Task instructions:
From the entries below, gather every line containing the string "shows".

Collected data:
Segment Open

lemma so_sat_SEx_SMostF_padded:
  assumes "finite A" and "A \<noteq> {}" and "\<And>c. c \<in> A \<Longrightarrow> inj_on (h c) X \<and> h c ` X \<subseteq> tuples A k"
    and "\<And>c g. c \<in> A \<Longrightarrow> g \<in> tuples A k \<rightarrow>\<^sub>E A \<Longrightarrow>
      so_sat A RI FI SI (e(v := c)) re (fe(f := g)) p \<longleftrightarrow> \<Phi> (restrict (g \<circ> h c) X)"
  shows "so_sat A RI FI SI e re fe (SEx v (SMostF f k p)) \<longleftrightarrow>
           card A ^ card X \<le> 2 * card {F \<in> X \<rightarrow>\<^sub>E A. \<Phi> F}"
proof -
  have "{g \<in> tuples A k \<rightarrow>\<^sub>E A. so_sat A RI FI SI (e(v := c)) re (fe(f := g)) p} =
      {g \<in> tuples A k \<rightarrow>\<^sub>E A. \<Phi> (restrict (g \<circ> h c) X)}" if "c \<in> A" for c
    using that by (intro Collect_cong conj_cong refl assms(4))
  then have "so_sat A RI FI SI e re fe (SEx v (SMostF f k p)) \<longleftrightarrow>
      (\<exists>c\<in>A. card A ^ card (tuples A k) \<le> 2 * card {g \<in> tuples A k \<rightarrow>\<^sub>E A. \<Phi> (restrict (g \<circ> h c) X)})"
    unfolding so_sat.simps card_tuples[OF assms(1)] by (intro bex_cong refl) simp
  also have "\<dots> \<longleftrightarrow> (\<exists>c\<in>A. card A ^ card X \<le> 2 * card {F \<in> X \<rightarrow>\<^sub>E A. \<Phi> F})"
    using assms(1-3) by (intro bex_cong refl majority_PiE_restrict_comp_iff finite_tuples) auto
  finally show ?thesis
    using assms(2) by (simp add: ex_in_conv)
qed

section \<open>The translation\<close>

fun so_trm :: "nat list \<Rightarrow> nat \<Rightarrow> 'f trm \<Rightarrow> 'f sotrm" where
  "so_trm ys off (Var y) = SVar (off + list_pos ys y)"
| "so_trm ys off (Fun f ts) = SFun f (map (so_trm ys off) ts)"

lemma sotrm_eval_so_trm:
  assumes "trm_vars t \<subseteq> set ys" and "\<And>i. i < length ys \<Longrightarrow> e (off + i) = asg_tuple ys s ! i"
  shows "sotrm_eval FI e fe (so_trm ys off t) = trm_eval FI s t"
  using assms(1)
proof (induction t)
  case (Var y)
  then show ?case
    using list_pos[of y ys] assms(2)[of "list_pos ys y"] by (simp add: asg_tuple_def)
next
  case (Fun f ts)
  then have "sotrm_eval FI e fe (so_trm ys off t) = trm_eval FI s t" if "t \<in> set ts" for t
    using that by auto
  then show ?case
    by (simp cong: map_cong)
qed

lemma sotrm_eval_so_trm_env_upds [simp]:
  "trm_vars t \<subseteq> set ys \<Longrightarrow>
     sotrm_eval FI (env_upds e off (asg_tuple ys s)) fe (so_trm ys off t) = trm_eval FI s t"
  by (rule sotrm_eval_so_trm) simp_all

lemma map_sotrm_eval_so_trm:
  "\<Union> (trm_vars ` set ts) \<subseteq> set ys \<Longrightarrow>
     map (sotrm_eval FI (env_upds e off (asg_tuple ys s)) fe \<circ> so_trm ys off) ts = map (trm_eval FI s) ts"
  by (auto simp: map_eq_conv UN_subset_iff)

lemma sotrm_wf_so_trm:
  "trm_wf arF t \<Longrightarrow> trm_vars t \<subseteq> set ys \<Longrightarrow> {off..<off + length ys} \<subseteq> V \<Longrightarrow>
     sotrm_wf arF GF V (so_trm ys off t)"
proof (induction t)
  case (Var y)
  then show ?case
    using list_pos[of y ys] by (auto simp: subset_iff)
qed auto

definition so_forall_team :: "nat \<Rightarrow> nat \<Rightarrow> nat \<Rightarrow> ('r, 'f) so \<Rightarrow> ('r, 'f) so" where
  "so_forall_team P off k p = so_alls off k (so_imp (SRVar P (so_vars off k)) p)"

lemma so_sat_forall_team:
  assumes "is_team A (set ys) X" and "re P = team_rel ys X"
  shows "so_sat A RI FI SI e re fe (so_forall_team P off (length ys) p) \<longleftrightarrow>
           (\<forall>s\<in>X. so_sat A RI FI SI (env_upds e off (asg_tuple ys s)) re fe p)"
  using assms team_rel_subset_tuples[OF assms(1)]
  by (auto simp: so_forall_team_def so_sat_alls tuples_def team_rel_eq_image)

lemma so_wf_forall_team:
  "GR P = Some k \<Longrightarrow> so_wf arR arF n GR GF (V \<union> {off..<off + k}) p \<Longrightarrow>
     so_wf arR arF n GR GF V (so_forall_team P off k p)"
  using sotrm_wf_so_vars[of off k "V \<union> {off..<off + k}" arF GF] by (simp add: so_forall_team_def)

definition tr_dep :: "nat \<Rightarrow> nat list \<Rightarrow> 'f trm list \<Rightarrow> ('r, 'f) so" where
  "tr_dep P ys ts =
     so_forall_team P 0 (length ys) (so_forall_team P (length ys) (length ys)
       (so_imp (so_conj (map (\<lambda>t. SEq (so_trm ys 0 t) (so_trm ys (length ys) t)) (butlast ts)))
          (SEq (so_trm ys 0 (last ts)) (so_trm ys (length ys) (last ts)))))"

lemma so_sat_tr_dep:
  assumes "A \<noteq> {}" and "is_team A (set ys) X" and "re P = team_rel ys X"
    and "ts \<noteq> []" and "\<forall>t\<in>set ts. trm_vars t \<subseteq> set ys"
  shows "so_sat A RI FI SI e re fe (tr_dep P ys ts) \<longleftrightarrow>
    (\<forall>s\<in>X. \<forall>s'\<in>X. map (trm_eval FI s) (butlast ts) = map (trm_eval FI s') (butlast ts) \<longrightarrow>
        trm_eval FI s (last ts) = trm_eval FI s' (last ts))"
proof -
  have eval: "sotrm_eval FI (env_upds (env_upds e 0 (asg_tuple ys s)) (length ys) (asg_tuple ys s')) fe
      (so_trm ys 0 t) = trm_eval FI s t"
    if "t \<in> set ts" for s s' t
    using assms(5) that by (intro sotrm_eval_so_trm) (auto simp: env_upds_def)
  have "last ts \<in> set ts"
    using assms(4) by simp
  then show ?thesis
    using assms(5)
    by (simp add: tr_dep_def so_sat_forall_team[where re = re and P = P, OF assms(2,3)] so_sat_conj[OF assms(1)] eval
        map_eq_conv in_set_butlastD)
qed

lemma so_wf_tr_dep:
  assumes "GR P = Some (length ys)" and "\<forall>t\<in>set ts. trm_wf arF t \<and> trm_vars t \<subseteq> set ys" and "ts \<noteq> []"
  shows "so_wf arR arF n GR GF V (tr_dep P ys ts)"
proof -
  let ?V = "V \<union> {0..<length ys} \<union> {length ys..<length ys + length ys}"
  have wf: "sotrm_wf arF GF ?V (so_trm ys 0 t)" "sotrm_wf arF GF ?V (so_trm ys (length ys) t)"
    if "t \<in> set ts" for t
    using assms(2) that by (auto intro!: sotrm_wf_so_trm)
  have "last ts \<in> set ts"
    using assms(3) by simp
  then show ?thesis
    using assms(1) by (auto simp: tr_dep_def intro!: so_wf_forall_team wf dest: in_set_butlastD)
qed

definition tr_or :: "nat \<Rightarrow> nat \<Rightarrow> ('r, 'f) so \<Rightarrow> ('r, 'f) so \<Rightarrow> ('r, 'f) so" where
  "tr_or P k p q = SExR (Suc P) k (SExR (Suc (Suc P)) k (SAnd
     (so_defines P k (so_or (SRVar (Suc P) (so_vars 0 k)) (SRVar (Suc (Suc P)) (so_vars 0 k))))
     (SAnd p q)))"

Segment Closed
Segment Open

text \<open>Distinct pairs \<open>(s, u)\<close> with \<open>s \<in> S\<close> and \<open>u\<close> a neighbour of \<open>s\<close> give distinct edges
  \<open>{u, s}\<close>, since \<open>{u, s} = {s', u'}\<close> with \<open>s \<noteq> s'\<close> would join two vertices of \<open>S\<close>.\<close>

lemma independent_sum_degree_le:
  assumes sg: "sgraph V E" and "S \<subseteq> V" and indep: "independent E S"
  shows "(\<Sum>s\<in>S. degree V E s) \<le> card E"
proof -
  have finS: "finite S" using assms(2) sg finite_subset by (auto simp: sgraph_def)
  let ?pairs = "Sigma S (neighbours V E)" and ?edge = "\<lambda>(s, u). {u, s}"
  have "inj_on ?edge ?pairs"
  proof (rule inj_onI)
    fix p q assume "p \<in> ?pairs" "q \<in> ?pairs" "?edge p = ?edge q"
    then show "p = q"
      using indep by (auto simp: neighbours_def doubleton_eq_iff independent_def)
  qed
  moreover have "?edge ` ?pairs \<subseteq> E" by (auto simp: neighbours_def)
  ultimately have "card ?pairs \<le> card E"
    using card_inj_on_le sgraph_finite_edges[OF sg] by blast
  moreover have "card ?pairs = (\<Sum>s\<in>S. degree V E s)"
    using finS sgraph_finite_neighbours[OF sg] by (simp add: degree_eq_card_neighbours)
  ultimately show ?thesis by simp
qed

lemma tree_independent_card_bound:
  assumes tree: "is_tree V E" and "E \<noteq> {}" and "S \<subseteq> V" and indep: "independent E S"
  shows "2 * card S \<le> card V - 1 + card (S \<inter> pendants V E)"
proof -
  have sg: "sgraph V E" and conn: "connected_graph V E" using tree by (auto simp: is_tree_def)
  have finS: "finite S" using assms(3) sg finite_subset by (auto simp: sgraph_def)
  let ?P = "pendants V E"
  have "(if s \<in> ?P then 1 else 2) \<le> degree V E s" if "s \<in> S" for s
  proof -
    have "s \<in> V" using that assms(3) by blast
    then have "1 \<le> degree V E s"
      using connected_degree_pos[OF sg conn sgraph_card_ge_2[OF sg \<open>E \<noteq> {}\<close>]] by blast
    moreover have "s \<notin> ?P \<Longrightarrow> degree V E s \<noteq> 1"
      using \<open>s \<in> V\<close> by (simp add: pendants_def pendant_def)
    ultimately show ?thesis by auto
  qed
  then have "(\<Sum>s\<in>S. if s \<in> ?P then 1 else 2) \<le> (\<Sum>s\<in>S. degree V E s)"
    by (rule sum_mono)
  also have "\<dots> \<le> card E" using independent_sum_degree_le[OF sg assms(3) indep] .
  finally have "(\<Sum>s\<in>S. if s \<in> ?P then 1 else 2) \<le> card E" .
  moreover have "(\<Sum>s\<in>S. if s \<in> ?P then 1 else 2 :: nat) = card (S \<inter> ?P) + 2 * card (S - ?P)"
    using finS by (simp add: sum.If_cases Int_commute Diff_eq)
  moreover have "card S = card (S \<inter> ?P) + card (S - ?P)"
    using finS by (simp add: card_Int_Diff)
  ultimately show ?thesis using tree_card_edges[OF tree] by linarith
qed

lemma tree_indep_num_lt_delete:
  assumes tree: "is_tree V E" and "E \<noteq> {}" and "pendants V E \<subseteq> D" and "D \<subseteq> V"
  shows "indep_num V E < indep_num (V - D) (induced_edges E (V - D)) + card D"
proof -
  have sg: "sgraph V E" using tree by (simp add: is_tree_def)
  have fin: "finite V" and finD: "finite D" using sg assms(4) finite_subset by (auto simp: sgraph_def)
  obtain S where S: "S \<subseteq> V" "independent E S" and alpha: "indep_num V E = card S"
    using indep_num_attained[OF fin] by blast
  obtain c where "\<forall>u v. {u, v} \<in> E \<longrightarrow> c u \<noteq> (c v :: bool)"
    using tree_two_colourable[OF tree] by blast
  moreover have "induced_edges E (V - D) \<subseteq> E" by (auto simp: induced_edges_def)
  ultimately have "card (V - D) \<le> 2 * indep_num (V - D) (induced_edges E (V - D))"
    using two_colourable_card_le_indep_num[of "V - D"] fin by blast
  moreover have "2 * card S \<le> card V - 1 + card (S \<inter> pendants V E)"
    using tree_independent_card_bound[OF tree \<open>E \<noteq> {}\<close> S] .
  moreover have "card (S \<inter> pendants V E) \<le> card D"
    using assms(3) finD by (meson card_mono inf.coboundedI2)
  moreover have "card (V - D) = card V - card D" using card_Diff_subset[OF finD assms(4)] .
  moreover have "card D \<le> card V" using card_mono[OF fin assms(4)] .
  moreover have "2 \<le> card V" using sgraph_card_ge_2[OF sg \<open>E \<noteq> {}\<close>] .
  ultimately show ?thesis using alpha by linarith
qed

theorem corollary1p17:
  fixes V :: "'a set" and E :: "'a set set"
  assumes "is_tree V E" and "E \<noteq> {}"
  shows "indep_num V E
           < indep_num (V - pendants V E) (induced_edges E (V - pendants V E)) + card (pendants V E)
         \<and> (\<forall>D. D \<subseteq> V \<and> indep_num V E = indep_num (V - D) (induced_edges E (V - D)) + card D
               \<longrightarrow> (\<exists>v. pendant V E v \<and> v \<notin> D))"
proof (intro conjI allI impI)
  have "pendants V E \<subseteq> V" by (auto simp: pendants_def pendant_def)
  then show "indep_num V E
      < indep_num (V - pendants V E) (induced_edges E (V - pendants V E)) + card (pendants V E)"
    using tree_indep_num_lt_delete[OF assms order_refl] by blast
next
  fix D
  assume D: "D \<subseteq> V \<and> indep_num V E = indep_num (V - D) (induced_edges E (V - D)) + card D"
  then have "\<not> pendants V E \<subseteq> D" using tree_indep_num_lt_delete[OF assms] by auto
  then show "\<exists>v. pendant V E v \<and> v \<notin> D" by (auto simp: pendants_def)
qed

Segment Closed
Segment Open

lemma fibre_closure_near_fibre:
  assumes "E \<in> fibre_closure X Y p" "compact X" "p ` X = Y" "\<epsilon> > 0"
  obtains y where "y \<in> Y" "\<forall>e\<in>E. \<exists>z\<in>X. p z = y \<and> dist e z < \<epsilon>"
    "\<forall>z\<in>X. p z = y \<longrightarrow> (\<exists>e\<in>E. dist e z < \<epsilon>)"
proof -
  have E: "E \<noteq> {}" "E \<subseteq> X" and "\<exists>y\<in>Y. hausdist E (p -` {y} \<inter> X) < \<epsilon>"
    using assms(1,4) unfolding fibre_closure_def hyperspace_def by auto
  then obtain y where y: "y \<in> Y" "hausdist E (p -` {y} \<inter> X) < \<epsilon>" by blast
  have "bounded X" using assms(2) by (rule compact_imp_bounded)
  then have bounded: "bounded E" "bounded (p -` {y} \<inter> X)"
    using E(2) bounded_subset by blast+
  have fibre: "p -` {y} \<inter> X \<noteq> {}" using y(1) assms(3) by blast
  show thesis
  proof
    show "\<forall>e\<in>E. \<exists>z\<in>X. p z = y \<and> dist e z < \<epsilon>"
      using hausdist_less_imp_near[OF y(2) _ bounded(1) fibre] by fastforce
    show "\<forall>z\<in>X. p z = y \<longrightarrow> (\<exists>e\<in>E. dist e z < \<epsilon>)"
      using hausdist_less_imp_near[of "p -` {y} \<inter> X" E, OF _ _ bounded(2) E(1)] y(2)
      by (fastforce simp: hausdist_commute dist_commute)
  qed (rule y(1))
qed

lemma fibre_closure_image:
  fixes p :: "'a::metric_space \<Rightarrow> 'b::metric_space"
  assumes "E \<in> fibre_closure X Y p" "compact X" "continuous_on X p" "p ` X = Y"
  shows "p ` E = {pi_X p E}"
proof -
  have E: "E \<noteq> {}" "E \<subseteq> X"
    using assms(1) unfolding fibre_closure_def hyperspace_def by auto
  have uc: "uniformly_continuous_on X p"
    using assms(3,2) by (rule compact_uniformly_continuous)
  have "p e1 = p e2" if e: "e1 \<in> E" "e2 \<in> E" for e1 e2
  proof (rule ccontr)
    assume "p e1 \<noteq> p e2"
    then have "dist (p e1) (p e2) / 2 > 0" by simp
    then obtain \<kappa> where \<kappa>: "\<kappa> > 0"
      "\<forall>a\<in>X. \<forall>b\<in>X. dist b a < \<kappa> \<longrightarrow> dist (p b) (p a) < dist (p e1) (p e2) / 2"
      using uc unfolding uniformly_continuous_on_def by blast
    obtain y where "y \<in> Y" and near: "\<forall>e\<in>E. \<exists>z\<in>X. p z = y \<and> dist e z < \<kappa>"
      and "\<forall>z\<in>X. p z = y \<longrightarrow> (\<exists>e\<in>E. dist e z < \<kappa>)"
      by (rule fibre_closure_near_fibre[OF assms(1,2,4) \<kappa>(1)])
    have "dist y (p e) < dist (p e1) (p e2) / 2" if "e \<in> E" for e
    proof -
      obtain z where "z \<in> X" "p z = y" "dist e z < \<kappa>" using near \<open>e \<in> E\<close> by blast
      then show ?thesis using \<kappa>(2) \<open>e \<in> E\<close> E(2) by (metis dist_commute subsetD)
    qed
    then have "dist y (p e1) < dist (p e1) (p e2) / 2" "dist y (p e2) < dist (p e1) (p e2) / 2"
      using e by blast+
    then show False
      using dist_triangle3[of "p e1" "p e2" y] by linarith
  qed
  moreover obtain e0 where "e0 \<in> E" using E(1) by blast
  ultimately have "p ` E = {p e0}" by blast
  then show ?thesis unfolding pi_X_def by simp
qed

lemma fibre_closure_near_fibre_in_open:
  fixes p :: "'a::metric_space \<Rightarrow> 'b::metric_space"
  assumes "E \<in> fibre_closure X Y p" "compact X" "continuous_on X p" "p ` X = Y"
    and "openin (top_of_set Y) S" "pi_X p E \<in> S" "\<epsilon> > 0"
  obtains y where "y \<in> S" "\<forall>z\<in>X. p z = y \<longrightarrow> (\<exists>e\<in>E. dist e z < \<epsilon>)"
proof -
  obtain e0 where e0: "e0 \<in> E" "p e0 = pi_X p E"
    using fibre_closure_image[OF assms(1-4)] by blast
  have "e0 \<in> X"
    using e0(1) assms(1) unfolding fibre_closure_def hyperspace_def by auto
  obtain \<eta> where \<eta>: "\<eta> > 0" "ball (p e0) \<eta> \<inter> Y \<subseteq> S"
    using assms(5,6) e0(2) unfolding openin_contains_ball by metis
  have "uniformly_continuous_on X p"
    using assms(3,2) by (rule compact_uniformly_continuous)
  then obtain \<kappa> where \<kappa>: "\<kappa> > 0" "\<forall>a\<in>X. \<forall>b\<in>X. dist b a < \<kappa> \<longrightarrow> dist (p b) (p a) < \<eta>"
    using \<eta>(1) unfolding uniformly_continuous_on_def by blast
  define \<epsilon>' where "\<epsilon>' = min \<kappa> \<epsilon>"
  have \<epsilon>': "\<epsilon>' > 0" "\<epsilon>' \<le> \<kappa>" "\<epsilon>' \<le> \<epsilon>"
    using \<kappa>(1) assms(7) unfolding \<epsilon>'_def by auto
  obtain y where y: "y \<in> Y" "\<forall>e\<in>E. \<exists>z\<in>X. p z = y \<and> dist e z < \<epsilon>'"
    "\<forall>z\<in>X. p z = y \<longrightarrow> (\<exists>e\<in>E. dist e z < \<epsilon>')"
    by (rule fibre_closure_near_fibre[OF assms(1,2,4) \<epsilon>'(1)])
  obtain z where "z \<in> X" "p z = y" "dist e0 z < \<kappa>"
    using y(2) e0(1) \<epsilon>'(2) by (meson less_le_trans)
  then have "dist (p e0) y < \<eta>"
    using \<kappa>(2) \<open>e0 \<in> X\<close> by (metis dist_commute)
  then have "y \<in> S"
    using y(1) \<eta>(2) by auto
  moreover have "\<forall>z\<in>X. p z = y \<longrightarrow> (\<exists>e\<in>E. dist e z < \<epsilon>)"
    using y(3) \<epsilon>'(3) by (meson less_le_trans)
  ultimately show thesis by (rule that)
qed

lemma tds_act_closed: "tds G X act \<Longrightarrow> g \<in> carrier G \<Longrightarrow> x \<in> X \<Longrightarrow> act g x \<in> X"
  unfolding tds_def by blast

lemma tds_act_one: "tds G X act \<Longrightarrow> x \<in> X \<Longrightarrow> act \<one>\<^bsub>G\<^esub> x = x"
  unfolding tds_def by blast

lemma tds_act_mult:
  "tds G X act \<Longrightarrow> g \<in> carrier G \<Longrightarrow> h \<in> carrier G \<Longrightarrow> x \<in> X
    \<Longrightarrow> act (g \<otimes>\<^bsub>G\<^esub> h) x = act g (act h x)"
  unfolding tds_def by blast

Segment Closed

Solution for this task:
  shows "so_sat A RI FI SI e re fe (SEx v (SMostF f k p)) \<longleftrightarrow>
  shows "sotrm_eval FI e fe (so_trm ys off t) = trm_eval FI s t"
  shows "so_sat A RI FI SI e re fe (so_forall_team P off (length ys) p) \<longleftrightarrow>
  shows "so_sat A RI FI SI e re fe (tr_dep P ys ts) \<longleftrightarrow>
  shows "so_wf arR arF n GR GF V (tr_dep P ys ts)"
  shows "(\<Sum>s\<in>S. degree V E s) \<le> card E"
  shows "2 * card S \<le> card V - 1 + card (S \<inter> pendants V E)"
  shows "indep_num V E < indep_num (V - D) (induced_edges E (V - D)) + card D"
  shows "indep_num V E
  shows "p ` E = {pi_X p E}"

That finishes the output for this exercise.